**TASK DIRECTIONS**
Take the data from its first line. Print each line exactly until the line containing "qed (simp add: k_def)" has been printed too.

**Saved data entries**
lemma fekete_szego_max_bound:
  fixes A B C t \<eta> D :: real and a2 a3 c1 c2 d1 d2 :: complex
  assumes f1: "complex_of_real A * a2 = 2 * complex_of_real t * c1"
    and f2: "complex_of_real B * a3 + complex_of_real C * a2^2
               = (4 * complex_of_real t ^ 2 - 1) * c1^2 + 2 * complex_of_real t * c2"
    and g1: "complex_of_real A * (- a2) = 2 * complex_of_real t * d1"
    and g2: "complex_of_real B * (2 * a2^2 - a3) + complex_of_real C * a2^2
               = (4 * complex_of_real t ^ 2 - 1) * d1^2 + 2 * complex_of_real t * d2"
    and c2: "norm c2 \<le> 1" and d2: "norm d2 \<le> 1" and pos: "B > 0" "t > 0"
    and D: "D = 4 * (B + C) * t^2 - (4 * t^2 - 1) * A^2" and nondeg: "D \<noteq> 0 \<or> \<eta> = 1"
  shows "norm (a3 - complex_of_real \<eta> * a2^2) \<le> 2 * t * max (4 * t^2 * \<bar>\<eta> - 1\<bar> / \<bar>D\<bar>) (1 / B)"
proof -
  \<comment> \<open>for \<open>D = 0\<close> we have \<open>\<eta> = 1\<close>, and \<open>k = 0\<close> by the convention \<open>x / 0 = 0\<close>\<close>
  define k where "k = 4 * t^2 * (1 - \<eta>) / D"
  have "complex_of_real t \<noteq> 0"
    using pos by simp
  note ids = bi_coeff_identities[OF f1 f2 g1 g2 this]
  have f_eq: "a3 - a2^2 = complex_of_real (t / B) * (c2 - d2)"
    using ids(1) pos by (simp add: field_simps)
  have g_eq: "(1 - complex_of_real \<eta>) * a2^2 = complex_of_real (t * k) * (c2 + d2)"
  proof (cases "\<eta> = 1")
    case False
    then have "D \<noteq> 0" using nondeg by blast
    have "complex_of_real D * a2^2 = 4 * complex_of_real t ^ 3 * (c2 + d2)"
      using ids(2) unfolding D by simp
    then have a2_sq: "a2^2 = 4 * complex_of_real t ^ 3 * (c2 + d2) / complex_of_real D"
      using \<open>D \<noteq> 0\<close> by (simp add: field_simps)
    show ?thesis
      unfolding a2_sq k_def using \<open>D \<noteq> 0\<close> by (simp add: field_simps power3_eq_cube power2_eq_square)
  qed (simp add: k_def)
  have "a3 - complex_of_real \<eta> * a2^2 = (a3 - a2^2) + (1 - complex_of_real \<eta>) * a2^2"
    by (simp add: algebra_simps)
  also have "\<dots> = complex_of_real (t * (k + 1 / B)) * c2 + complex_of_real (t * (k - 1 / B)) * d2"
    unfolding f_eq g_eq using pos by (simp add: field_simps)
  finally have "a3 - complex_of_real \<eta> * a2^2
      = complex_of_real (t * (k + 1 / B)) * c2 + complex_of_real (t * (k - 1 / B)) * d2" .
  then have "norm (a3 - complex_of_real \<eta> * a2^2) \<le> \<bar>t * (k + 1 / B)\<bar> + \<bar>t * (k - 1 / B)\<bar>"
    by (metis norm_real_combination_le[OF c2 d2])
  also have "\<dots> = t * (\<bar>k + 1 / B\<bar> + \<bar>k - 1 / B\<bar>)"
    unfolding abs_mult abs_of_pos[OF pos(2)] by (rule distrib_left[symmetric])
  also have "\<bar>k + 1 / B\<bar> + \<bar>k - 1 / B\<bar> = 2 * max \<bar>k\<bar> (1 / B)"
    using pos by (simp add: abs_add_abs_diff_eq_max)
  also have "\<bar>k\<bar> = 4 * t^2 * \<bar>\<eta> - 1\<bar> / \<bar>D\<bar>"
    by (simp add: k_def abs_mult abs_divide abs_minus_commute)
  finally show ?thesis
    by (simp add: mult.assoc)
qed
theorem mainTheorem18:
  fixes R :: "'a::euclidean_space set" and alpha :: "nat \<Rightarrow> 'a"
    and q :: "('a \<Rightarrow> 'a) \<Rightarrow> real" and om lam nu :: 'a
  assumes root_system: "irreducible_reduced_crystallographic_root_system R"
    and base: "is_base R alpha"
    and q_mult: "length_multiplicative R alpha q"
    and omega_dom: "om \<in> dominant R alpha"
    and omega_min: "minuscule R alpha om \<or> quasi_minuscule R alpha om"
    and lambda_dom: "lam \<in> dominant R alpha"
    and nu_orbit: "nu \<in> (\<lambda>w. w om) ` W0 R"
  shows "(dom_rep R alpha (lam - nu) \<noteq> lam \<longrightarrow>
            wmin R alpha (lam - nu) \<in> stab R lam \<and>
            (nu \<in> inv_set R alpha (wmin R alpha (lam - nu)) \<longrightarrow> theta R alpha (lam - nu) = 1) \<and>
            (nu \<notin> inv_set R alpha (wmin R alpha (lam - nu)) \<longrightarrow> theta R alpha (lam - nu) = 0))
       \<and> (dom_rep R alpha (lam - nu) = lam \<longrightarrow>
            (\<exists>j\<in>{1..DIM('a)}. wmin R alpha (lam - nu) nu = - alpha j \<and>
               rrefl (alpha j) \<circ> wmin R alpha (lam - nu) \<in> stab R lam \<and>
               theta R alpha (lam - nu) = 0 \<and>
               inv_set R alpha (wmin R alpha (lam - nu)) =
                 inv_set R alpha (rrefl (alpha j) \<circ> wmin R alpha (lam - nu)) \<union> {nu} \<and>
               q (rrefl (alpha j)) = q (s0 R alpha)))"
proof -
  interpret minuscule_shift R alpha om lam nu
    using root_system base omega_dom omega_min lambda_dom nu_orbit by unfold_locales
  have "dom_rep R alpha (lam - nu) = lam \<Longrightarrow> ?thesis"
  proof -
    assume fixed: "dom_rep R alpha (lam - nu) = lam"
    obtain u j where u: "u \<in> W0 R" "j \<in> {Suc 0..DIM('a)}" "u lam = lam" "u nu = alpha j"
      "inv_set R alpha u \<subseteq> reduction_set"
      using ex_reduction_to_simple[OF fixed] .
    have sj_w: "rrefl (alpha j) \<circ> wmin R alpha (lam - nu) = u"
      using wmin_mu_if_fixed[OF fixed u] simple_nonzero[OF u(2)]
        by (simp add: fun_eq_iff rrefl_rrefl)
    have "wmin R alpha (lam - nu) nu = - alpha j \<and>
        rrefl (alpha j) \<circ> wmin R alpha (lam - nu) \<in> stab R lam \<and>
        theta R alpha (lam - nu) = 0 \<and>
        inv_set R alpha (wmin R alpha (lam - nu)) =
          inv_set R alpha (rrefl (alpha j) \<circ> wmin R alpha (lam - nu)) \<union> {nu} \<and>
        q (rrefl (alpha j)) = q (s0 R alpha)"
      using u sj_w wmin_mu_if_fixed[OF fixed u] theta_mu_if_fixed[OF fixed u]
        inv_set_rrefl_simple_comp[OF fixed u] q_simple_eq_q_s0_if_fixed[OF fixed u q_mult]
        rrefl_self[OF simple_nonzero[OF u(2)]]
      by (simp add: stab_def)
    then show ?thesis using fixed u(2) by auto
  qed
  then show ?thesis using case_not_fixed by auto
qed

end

**EXPECTED OUTPUT**
lemma fekete_szego_max_bound:
  fixes A B C t \<eta> D :: real and a2 a3 c1 c2 d1 d2 :: complex
  assumes f1: "complex_of_real A * a2 = 2 * complex_of_real t * c1"
    and f2: "complex_of_real B * a3 + complex_of_real C * a2^2
               = (4 * complex_of_real t ^ 2 - 1) * c1^2 + 2 * complex_of_real t * c2"
    and g1: "complex_of_real A * (- a2) = 2 * complex_of_real t * d1"
    and g2: "complex_of_real B * (2 * a2^2 - a3) + complex_of_real C * a2^2
               = (4 * complex_of_real t ^ 2 - 1) * d1^2 + 2 * complex_of_real t * d2"
    and c2: "norm c2 \<le> 1" and d2: "norm d2 \<le> 1" and pos: "B > 0" "t > 0"
    and D: "D = 4 * (B + C) * t^2 - (4 * t^2 - 1) * A^2" and nondeg: "D \<noteq> 0 \<or> \<eta> = 1"
  shows "norm (a3 - complex_of_real \<eta> * a2^2) \<le> 2 * t * max (4 * t^2 * \<bar>\<eta> - 1\<bar> / \<bar>D\<bar>) (1 / B)"
proof -
  \<comment> \<open>for \<open>D = 0\<close> we have \<open>\<eta> = 1\<close>, and \<open>k = 0\<close> by the convention \<open>x / 0 = 0\<close>\<close>
  define k where "k = 4 * t^2 * (1 - \<eta>) / D"
  have "complex_of_real t \<noteq> 0"
    using pos by simp
  note ids = bi_coeff_identities[OF f1 f2 g1 g2 this]
  have f_eq: "a3 - a2^2 = complex_of_real (t / B) * (c2 - d2)"
    using ids(1) pos by (simp add: field_simps)
  have g_eq: "(1 - complex_of_real \<eta>) * a2^2 = complex_of_real (t * k) * (c2 + d2)"
  proof (cases "\<eta> = 1")
    case False
    then have "D \<noteq> 0" using nondeg by blast
    have "complex_of_real D * a2^2 = 4 * complex_of_real t ^ 3 * (c2 + d2)"
      using ids(2) unfolding D by simp
    then have a2_sq: "a2^2 = 4 * complex_of_real t ^ 3 * (c2 + d2) / complex_of_real D"
      using \<open>D \<noteq> 0\<close> by (simp add: field_simps)
    show ?thesis
      unfolding a2_sq k_def using \<open>D \<noteq> 0\<close> by (simp add: field_simps power3_eq_cube power2_eq_square)
  qed (simp add: k_def)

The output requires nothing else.